Representing “America, Inc,” Musk said during the World Governments Summit in Meydan, that he was helping the company engage in a type of “corporate turnaround” that should include deletion of entire agencies.

“If you leave a weed without removing its roots, then it’s easy for it to grow again,” he said. It doesn’t stop weeds from growing back if you remove the roots of the weed.

The US DOGE Service: Why did President Donald Trump Leave? A Memorino from Dickerson, the Technology Transformation Services, and the US Department of State

“It’s beyond debate that a more aggressive approach was necessary if we were ever going to make any progress in our lifetimes,” says Mikey Dickerson, who was the founding administrator of the United States Digital Service, which has now been refashioned into Musk’s US DOGE Service. Before the inauguration of Trump, he left. On day one of Trump’s second term, his executive order establishing the temporary organization DOGE as a temporary organization within the government was something that Dickerson would have liked to see in the charter of the agency. He particularly liked the paragraph that forced agencies to give USDS teams access to systems and records. “That wouldn’t have been a magic bullet, but it would have created a strong presumption that they needed to cooperate,” he says. “We didn’t really have that, so it was pretty much optional whether anybody wanted to work with us.”

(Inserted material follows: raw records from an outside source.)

(* Under the standing assumptions below, assume in addition the Slater-type condition: there exists $\epsilon>0$ such that for every $s_0\in\mathcal S$, $x_0\in\mathcal X$ there is a $P$ feasible for the ex-ante lottery problem for $(x_0,s_0)$ with $\mathbb E^{a\sim P}_{s_0}\big(\sum_{t\ge0}\beta^tg^i(x(s^t),a(s^t),s_t)-\bar g^i\big)\ge\epsilon$ for all $i=1,\dots,I$. Then for every $x\in\mathcal X$, $s\in\mathcal S$, $\gamma\in\mathbb R^I_+$ there exists $\lambda^*\in\mathbb R^I_+$ attaining the infimum in $$\inf_{\lambda\in\mathbb R^I_+}\sup_{a\in\tilde{\mathcal A}(x,s)}\Big[r(x,a,s)+\sum_{i}\big(\gamma^ig^i(x,a,s)+\lambda^i(g^i(x,a,s)-\bar g^i)\big)+\beta\mathbb E_sD(\gamma+\lambda,\zeta(x,a,s),s')\Big].$$
   Context: Setup. Let $\mathcal S$ be a finite set and $(s_t)_{t\ge0}$ a Markov chain on $\mathcal S$ with transition probabilities $\pi(s'|s)>0$ for all $s,s'\in\mathcal S$; for $s^t=(s_0,\dots,s_t)\in\mathcal S^{t+1}$ write $\pi^t(s^t|s_0)$ for its probability given $s_0$ and $\mathbb E_{s^t}$ (or $\mathbb E_{s_t}$) for expectation over future shocks given $s^t$; $\mathbb E_s$ denotes expectation over $s'\sim\pi(\cdot|s)$. Let $\mathcal A\subset\mathbb R^n$ be a finite set, $\mathcal X\subseteq\mathbb R^m$ a countable set, $\zeta:\mathcal X\times\mathcal A\times\mathcal S\to\mathcal X$, $p:\mathcal X\times\mathcal A\times\mathcal S\to\mathbb R$, $r,g^1,\dots,g^I$ bounded real functions on $\mathcal X\times\mathcal A\times\mathcal S$, $\bar g^i\in\mathbb R$, $\beta\in(0,1)$. A plan is $a=(a(s^t))_{t,s^t}$, $a(s^t)\in\mathcal A$, inducing $x(s^0)=x_0$, $x(s^{t+1})=\zeta(x(s^t),a(s^t),s_t)$. $\tilde{\mathcal A}(x,s)=\{a\in\mathcal A:p(x,a,s)\ge0\}$; $\tilde{\mathcal A}^\infty(x_0)$ is the set of plans with $a(s^t)\in\tilde{\mathcal A}(x(s^t),s_t)$ for all $t,s^t$. A plan is feasible for $(x_0,s_0)$ if it lies in $\tilde{\mathcal A}^\infty(x_0)$ and $\mathbb E_{s_t}\sum_{n\ge0}\beta^ng^i(x(s^{t+n}),a(s^{t+n}),s_{t+n})\ge\bar g^i$ for all $t,s^t,i$. Standing assumption: for every $(x_0,s_0)$ a feasible plan exists. Pre-action histories $h^t=(s_0,a_0,\dots,s_{t-1},a_{t-1},s_t)\in\mathcal H^t=\mathcal S^{t+1}\times\mathcal A^t$; a plan generates $h^t=(s_0,a(s^0),\dots,a(s^{t-1}),s_t)$ along $s^t$. Dual value: $\Lambda$ is the set of $(\lambda^i(h^t))_{t,h^t,i}$, $\lambda^i(h^t)\ge0$, $\sum_t\sum_{h^t}\sum_i\beta^t\lambda^i(h^t)\pi^t(s^t|s_0)<\infty$. $L(a,\lambda;\gamma,x_0,s_0)=\mathbb E_{s_0}\sum_t\beta^t\big[r(x(s^t),a(s^t),s_t)+\sum_i\gamma^ig^i(x(s^t),a(s^t),s_t)+\sum_i\lambda^i(h^t)(\sum_{n\ge0}\beta^ng^i(x(s^{t+n}),a(s^{t+n}),s_{t+n})-\bar g^i)\big]$ and $D(\gamma,x_0,s_0)=\inf_{\lambda\in\Lambda}\sup_{a\in\tilde{\mathcal A}^\infty(x_0)}L$. Ex-ante lottery problem. Give $\tilde{\mathcal A}^\infty(x_0)$ the product topology and let $\mathcal P(\tilde{\mathcal A}^\infty(x_0))$ be the set of Borel probability measures on it; a random plan $a\sim P$ is drawn independently of the shocks. $P$ is feasible for $(x_0,s_0)$ if for all $t\ge0$, all $h^t=(s_0,\tilde a_0,\dots,s_{t-1},\tilde a_{t-1},s_t)\in\mathcal H^t$ and all $i$, $\mathbb E^{a\sim P}_{s^t}\Big[\mathbf 1\{(a(s^0),\dots,a(s^{t-1}))=(\tilde a_0,\dots,\tilde a_{t-1})\}\Big(\sum_{n\ge0}\beta^ng^i(x(s^{t+n}),a(s^{t+n}),s_{t+n})-\bar g^i\Big)\Big]\ge0$, where $s^t$ is the shock history contained in $h^t$. *)

theory Defs
  imports "HOL-Probability.Probability"
begin
(* Let $V,\mathfrak{a}$ be finite-dimensional vector spaces over $\mathbb{Q}$, and let $\varphi^1_i,\varphi^2_j\in\mathfrak{a}^*$, $\chi^1_i,\chi^2_j\in V^*$ for $i=1,\dots,k_1$, $j=1,\dots,k_2$. For $v\in V(\mathbb{R})=V\otimes\mathbb{R}$ and $l=1,2$ set $P^l(v)=\{\lambda\in\mathfrak{a}(\mathbb{R}):\langle\varphi^l_i,\lambda\rangle\ge-\chi^l_i(v)\ \text{for all } i=1,\dots,k_l\}$. Suppose there is $v\in V(\mathbb{R})$ such that $P^1(v)=P^2(v)$ and this polytope has dimension $\dim\mathfrak{a}(\mathbb{R})$. Then for every neighborhood $O$ of $v$ in $V(\mathbb{R})$ there is $v'\in O\cap V$ with $P^1(v')=P^2(v')$.
   Context: $\mathfrak{a}(\mathbb{R})=\mathfrak{a}\otimes_{\mathbb{Q}}\mathbb{R}$; elements of $\mathfrak{a}^*$ and $V^*$ are extended $\mathbb{R}$-linearly. $V$ is regarded as the set of rational points of $V(\mathbb{R})$. *)

theory Defs
  imports "HOL-Analysis.Analysis"
begin

text \<open>V(R) is modelled as real^'v, a(R) as real^'a; the rational structure is the
standard one: a vector (or a functional, given by its coefficient vector w.r.t.
the standard basis and the inner product) is rational iff all coordinates are in Rats.\<close>

definition rational_vec :: "real^'n \<Rightarrow> bool" where
  "rational_vec x \<longleftrightarrow> (\<forall>i. x $ i \<in> \<rat>)"

definition polyP :: "nat \<Rightarrow> (nat \<Rightarrow> real^'a) \<Rightarrow> (nat \<Rightarrow> real^'v) \<Rightarrow> real^'v \<Rightarrow> (real^'a) set" where
  "polyP k ph ch v = {l. \<forall>i<k. ph i \<bullet> l \<ge> - (ch i \<bullet> v)}"

end

theory Submission
  imports Defs
begin

text \<open>Since \<open>P\<^sup>1(v) = P\<^sup>2(v)\<close> is nonempty, every inequality of one system is implied by the
  other system, so by the affine Farkas lemma it is a nonnegative combination of the other
  system's inequalities with a weaker right-hand side. All data being rational, the multipliers
  can be chosen rational: reduce to a linearly independent support (Caratheodory) and solve for
  the coefficients with a Gram--Schmidt step over \<open>\<rat>\<close>. The slack of each certificate is then a
  rational linear form in \<open>v\<close> that is nonnegative at \<open>v\<close>. Wherever all slacks stay nonnegative the
  certificates remain valid, so \<open>P\<^sup>1 = P\<^sup>2\<close> on a rational polyhedral cone containing \<open>v\<close>, and
  rational points of such a cone accumulate at \<open>v\<close>.\<close>

section \<open>Rational vectors\<close>

lemma rational_vec_diff: "rational_vec x \<Longrightarrow> rational_vec y \<Longrightarrow> rational_vec (x - y)"
  by (simp add: rational_vec_def)

lemma rational_vec_scaleR: "c \<in> \<rat> \<Longrightarrow> rational_vec x \<Longrightarrow> rational_vec (c *\<^sub>R x)"
  by (simp add: rational_vec_def)

lemma rational_vec_sum: "(\<And>i. i \<in> S \<Longrightarrow> rational_vec (f i)) \<Longrightarrow> rational_vec (\<Sum>i\<in>S. f i)"
  by (induction S rule: infinite_finite_induct) (auto simp: rational_vec_def)

lemma inner_rational_vec: "rational_vec x \<Longrightarrow> rational_vec y \<Longrightarrow> x \<bullet> y \<in> \<rat>"
  unfolding rational_vec_def inner_vec_def by (auto intro!: Rats_sum)

lemma open_contains_rational_vec:
  fixes v :: "real^'n"
  assumes "open S" "v \<in> S"
  obtains q where "q \<in> S" "rational_vec q"
proof -
  obtain e where "e > 0" "ball v e \<subseteq> S" using assms open_contains_ball by blast
  define e' where "e' = e / CARD('n)"
  have "e' > 0" using \<open>e > 0\<close> by (simp add: e'_def)
  then have "\<forall>i. \<exists>r\<in>\<rat>. v$i - e' < r \<and> r < v$i + e'"
    by (intro allI Rats_dense_in_real) simp
  then obtain r where r: "\<And>i. r i \<in> \<rat>" "\<And>i. \<bar>r i - v$i\<bar> < e'"
    by (metis abs_diff_less_iff)
  define q where "q = (\<chi> i. r i)"
  have "dist q v \<le> (\<Sum>i\<in>UNIV. \<bar>(q - v)$i\<bar>)" unfolding dist_norm by (rule norm_le_l1_cart)
  also have "\<dots> < (\<Sum>i\<in>(UNIV::'n set). e')"
    using r(2) by (intro sum_strict_mono) (auto simp: q_def)
  also have "\<dots> = e" by (simp add: e'_def)
  finally have "q \<in> S" using \<open>ball v e \<subseteq> S\<close> by (auto simp: dist_commute)
  moreover have "rational_vec q" using r(1) by (simp add: rational_vec_def q_def)
  ultimately show ?thesis using that by blast
qed
lemma Sp_n1_entry:
  assumes "g \<in> Sp_n1 n" "j \<le> n" "l \<le> n"
  shows "(\<Sum>k\<le>n. qcnj (g k j) * (qreal (I_n1_sign n k) * g k l)) = I_n1 n j l"
proof -
  have "qmat_mult n (qmat_star n g) (qmat_mult n (I_n1 n) g) j l
      = (\<Sum>k\<le>n. qcnj (g k j) * (qreal (I_n1_sign n k) * g k l))"
    using assms(2,3) unfolding qmat_mult_def[of n "qmat_star n g"]
    by (auto intro!: sum.cong simp: qmat_star_def qmat_mult_diag_left[OF I_n1_off_diag] I_n1_diag)
  with assms(1) show ?thesis
    by (simp add: Sp_n1_def)
qed

lemma Sp_n1_last_column:
  assumes "g \<in> Sp_n1 n"
  shows "(\<Sum>k<n. qnormsq (g k n)) - qnormsq (g n n) = -1"
proof -
  have "(\<Sum>k\<le>n. Re (qcnj (g k n) * (qreal (I_n1_sign n k) * g k n))) = Re (I_n1 n n n)"
    using Sp_n1_entry[OF assms order.refl order.refl] by (simp flip: Re_sum)
  also have "\<dots> = -1"
    by (simp add: I_n1_def quat_defs)
  finally show ?thesis
    by (simp add: Re_qcnj_scaled_self lessThan_Suc_atMost[symmetric] I_n1_sign_def)
qed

Ann Lewis, who headed the Technology Transformation Services, an agency devoted to using modern tech to make government accessible to its citizens, tried to view the DOGE takeover in a positive light. It didn’t take long for that light to dim. “The model of bringing in private-sector people who have a fresh perspective and skills and who want to help is a great idea,” she tells me. “But we’re not seeing people from the private sector with lots of experience who want to understand how everything works.”